Please return the lines below verbatim, beginning at the one that has "obtains t where" and stopping after the one that has "(meson bij_betwE lessThan_iff)", and add no other lines.

Data under study Start Marker

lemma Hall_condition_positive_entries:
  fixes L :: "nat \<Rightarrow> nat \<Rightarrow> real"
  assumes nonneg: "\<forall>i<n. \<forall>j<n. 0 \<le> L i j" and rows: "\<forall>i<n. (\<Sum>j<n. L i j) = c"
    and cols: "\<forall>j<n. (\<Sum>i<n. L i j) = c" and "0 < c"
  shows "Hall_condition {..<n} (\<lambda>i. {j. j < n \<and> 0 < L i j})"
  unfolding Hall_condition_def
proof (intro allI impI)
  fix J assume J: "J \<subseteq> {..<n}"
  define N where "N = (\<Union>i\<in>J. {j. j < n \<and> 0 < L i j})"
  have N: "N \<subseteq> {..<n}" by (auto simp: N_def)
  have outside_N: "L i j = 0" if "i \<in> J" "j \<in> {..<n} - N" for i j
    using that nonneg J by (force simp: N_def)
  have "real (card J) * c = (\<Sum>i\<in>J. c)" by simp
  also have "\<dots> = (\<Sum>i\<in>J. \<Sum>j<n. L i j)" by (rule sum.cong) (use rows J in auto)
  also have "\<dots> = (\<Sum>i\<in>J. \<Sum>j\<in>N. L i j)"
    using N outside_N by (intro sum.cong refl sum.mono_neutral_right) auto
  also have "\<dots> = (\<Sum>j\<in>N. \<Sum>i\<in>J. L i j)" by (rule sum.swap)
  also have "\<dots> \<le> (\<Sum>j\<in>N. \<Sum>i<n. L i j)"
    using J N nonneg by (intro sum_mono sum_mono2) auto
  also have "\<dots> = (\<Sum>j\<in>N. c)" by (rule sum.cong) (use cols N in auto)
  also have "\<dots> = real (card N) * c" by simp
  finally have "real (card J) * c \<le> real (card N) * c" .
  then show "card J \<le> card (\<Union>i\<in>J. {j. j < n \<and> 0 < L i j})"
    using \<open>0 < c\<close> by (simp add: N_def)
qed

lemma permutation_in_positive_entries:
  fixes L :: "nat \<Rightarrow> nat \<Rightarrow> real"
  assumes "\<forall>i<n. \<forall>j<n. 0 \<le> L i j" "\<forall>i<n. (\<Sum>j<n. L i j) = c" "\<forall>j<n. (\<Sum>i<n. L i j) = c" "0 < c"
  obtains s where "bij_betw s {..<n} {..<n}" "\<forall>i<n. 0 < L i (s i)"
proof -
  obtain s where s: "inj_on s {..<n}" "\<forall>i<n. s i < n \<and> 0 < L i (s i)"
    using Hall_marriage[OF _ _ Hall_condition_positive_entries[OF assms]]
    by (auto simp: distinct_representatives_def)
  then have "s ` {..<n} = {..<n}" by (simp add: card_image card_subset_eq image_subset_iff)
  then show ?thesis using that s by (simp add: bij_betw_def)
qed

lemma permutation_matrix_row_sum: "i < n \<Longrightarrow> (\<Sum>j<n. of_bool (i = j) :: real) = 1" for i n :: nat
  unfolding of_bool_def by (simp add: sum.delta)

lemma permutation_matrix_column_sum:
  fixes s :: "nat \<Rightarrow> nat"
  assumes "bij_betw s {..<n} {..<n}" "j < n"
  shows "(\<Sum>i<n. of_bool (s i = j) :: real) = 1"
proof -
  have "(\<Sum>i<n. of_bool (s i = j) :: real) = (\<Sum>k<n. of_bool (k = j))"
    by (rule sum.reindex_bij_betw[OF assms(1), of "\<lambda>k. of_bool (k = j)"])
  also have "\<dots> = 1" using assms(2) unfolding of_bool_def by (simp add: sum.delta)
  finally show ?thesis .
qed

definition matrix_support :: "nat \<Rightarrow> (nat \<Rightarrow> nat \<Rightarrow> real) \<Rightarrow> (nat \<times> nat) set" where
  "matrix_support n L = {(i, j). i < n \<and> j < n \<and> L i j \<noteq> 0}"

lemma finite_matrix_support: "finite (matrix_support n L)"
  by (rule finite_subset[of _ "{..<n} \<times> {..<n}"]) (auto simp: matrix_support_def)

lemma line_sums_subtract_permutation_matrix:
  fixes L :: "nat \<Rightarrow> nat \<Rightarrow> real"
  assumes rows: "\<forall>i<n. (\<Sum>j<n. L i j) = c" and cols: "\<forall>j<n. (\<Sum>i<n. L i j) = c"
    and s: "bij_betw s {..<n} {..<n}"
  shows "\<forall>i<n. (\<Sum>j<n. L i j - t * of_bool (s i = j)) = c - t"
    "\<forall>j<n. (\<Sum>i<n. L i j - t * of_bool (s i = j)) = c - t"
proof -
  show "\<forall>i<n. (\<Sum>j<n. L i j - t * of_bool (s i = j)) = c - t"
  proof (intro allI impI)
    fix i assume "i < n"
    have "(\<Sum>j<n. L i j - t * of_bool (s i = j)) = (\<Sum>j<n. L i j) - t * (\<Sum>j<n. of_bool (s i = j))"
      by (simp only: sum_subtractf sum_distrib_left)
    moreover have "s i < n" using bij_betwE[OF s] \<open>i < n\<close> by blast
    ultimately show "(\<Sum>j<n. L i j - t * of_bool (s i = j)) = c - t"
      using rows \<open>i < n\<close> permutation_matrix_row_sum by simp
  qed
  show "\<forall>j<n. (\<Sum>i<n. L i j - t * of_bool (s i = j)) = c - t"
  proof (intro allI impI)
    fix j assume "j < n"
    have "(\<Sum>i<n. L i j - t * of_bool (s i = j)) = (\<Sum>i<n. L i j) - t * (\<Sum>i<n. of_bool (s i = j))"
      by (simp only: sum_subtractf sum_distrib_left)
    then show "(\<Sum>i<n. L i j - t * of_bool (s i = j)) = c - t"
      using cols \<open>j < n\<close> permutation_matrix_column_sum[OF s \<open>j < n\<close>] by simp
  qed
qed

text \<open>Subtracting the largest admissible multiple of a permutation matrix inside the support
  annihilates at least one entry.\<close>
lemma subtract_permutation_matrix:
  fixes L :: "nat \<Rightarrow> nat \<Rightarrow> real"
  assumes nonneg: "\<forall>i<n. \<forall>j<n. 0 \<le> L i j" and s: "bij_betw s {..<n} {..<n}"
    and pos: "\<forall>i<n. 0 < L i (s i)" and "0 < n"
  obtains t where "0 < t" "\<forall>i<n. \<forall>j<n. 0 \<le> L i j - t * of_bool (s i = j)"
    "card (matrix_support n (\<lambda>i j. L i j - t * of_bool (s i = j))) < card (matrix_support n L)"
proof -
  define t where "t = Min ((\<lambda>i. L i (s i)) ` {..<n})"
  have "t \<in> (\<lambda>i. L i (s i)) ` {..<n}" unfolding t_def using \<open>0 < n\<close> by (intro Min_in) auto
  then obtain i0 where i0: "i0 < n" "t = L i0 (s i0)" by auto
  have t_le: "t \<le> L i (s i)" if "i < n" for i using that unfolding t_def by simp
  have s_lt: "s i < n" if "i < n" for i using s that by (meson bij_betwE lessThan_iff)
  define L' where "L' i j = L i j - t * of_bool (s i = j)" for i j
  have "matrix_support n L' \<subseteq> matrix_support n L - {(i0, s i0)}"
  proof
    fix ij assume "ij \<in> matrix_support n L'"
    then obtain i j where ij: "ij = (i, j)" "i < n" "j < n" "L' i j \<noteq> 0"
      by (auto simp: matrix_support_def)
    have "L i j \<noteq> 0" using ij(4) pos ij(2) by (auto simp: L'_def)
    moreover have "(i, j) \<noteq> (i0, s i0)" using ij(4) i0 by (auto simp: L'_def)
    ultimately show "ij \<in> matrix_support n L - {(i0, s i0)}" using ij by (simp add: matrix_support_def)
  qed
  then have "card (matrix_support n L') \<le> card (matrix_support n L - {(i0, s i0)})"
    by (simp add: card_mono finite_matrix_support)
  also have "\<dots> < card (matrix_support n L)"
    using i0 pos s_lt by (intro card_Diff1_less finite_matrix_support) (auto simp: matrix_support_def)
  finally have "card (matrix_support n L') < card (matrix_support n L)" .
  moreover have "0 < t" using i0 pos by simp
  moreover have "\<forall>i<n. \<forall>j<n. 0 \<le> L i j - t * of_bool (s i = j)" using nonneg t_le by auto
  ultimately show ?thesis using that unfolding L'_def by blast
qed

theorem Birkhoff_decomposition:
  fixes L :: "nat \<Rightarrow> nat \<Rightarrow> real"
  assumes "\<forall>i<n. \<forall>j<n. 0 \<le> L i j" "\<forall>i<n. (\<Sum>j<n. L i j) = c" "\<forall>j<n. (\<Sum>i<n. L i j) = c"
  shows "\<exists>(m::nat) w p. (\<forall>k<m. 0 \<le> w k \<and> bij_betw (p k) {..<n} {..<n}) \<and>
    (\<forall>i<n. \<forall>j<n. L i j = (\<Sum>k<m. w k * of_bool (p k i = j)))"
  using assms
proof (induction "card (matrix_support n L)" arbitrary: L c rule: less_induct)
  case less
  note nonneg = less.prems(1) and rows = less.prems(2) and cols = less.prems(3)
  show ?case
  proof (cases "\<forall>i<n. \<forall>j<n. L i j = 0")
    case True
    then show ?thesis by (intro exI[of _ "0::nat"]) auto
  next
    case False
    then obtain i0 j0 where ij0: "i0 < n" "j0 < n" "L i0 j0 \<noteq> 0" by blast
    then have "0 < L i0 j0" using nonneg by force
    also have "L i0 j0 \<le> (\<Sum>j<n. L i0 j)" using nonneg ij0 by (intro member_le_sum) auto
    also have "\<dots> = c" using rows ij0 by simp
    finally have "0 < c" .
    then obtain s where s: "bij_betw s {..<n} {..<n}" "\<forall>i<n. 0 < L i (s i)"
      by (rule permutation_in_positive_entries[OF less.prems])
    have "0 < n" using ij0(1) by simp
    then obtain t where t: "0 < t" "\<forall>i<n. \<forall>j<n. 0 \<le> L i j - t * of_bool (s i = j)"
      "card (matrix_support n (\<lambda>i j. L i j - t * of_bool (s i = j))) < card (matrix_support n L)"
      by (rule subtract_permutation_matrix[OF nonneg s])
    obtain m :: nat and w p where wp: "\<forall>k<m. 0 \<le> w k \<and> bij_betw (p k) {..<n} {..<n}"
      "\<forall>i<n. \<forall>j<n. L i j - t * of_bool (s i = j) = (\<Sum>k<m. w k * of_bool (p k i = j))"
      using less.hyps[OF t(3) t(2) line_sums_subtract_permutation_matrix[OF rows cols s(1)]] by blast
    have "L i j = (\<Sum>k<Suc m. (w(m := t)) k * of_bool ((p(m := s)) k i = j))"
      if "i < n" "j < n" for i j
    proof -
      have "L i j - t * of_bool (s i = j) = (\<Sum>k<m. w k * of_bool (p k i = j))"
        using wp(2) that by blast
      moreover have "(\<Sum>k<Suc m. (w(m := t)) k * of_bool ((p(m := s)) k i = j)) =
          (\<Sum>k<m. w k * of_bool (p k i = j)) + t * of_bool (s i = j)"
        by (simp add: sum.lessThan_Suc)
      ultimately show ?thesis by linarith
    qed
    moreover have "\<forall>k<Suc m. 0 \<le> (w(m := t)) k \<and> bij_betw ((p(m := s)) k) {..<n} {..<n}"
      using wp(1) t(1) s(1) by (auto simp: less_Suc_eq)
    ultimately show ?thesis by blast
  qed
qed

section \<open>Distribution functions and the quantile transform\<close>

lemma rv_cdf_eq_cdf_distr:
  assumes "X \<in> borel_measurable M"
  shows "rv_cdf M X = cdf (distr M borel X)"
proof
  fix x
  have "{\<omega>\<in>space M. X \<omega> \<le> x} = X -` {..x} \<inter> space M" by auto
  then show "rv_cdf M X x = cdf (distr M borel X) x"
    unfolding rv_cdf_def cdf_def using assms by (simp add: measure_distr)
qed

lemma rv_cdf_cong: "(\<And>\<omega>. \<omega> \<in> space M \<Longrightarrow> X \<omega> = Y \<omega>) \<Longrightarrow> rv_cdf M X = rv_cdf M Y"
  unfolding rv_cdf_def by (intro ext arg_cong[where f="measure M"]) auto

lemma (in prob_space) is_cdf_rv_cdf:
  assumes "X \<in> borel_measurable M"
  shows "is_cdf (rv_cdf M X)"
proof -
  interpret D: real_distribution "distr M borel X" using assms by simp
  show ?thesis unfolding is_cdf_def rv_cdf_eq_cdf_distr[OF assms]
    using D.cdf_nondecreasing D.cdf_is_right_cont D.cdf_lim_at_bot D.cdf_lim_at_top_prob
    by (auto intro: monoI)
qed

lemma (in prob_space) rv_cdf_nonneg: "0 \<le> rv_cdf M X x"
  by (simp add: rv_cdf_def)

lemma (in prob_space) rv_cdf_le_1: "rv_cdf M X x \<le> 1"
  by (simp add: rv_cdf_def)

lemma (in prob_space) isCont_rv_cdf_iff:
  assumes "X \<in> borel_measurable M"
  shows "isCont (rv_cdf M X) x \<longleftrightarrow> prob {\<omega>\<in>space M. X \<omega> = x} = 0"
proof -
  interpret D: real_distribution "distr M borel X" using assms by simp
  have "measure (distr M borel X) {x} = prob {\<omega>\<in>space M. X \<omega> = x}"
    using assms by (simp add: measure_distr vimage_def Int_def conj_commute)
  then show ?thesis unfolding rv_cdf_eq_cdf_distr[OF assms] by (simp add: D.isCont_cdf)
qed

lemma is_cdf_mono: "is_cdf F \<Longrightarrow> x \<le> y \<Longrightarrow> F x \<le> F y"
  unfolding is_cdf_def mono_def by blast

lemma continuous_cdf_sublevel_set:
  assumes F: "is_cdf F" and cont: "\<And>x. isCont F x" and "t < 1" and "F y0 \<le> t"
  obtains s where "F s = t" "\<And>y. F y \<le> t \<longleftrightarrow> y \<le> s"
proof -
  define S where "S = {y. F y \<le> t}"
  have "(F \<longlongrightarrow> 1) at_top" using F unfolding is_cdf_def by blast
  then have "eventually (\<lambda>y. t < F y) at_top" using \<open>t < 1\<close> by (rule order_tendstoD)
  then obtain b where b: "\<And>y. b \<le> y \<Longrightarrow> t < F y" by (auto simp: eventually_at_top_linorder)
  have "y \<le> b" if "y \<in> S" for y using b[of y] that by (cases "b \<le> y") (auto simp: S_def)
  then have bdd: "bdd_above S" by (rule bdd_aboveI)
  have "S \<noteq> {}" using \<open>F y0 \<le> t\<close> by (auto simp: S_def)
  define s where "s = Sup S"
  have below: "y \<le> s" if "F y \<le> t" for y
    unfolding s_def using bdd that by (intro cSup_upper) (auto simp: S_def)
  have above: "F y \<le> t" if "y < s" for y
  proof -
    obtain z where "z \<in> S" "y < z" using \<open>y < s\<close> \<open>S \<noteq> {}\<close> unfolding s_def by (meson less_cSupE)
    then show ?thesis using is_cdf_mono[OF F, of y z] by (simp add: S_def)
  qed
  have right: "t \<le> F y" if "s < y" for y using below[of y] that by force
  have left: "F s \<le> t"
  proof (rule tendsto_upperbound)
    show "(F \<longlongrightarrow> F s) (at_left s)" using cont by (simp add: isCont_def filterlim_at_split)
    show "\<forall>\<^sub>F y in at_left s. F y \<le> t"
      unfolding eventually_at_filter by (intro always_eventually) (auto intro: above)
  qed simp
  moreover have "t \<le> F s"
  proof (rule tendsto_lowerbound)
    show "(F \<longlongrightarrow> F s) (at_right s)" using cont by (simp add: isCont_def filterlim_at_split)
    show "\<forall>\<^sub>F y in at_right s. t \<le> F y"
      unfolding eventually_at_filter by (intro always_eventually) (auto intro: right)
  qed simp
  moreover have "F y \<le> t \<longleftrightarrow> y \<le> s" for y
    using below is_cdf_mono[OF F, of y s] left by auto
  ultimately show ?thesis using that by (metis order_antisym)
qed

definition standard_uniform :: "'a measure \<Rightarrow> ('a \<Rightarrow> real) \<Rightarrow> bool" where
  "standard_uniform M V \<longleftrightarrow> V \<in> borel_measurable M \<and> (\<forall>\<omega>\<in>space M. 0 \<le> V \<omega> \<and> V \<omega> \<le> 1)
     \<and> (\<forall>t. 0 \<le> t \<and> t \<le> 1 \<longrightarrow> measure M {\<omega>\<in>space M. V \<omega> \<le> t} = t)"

Data under study End Marker

* [Exercise result]:
  obtains t where "0 < t" "\<forall>i<n. \<forall>j<n. 0 \<le> L i j - t * of_bool (s i = j)"
    "card (matrix_support n (\<lambda>i j. L i j - t * of_bool (s i = j))) < card (matrix_support n L)"
proof -
  define t where "t = Min ((\<lambda>i. L i (s i)) ` {..<n})"
  have "t \<in> (\<lambda>i. L i (s i)) ` {..<n}" unfolding t_def using \<open>0 < n\<close> by (intro Min_in) auto
  then obtain i0 where i0: "i0 < n" "t = L i0 (s i0)" by auto
  have t_le: "t \<le> L i (s i)" if "i < n" for i using that unfolding t_def by simp
  have s_lt: "s i < n" if "i < n" for i using s that by (meson bij_betwE lessThan_iff)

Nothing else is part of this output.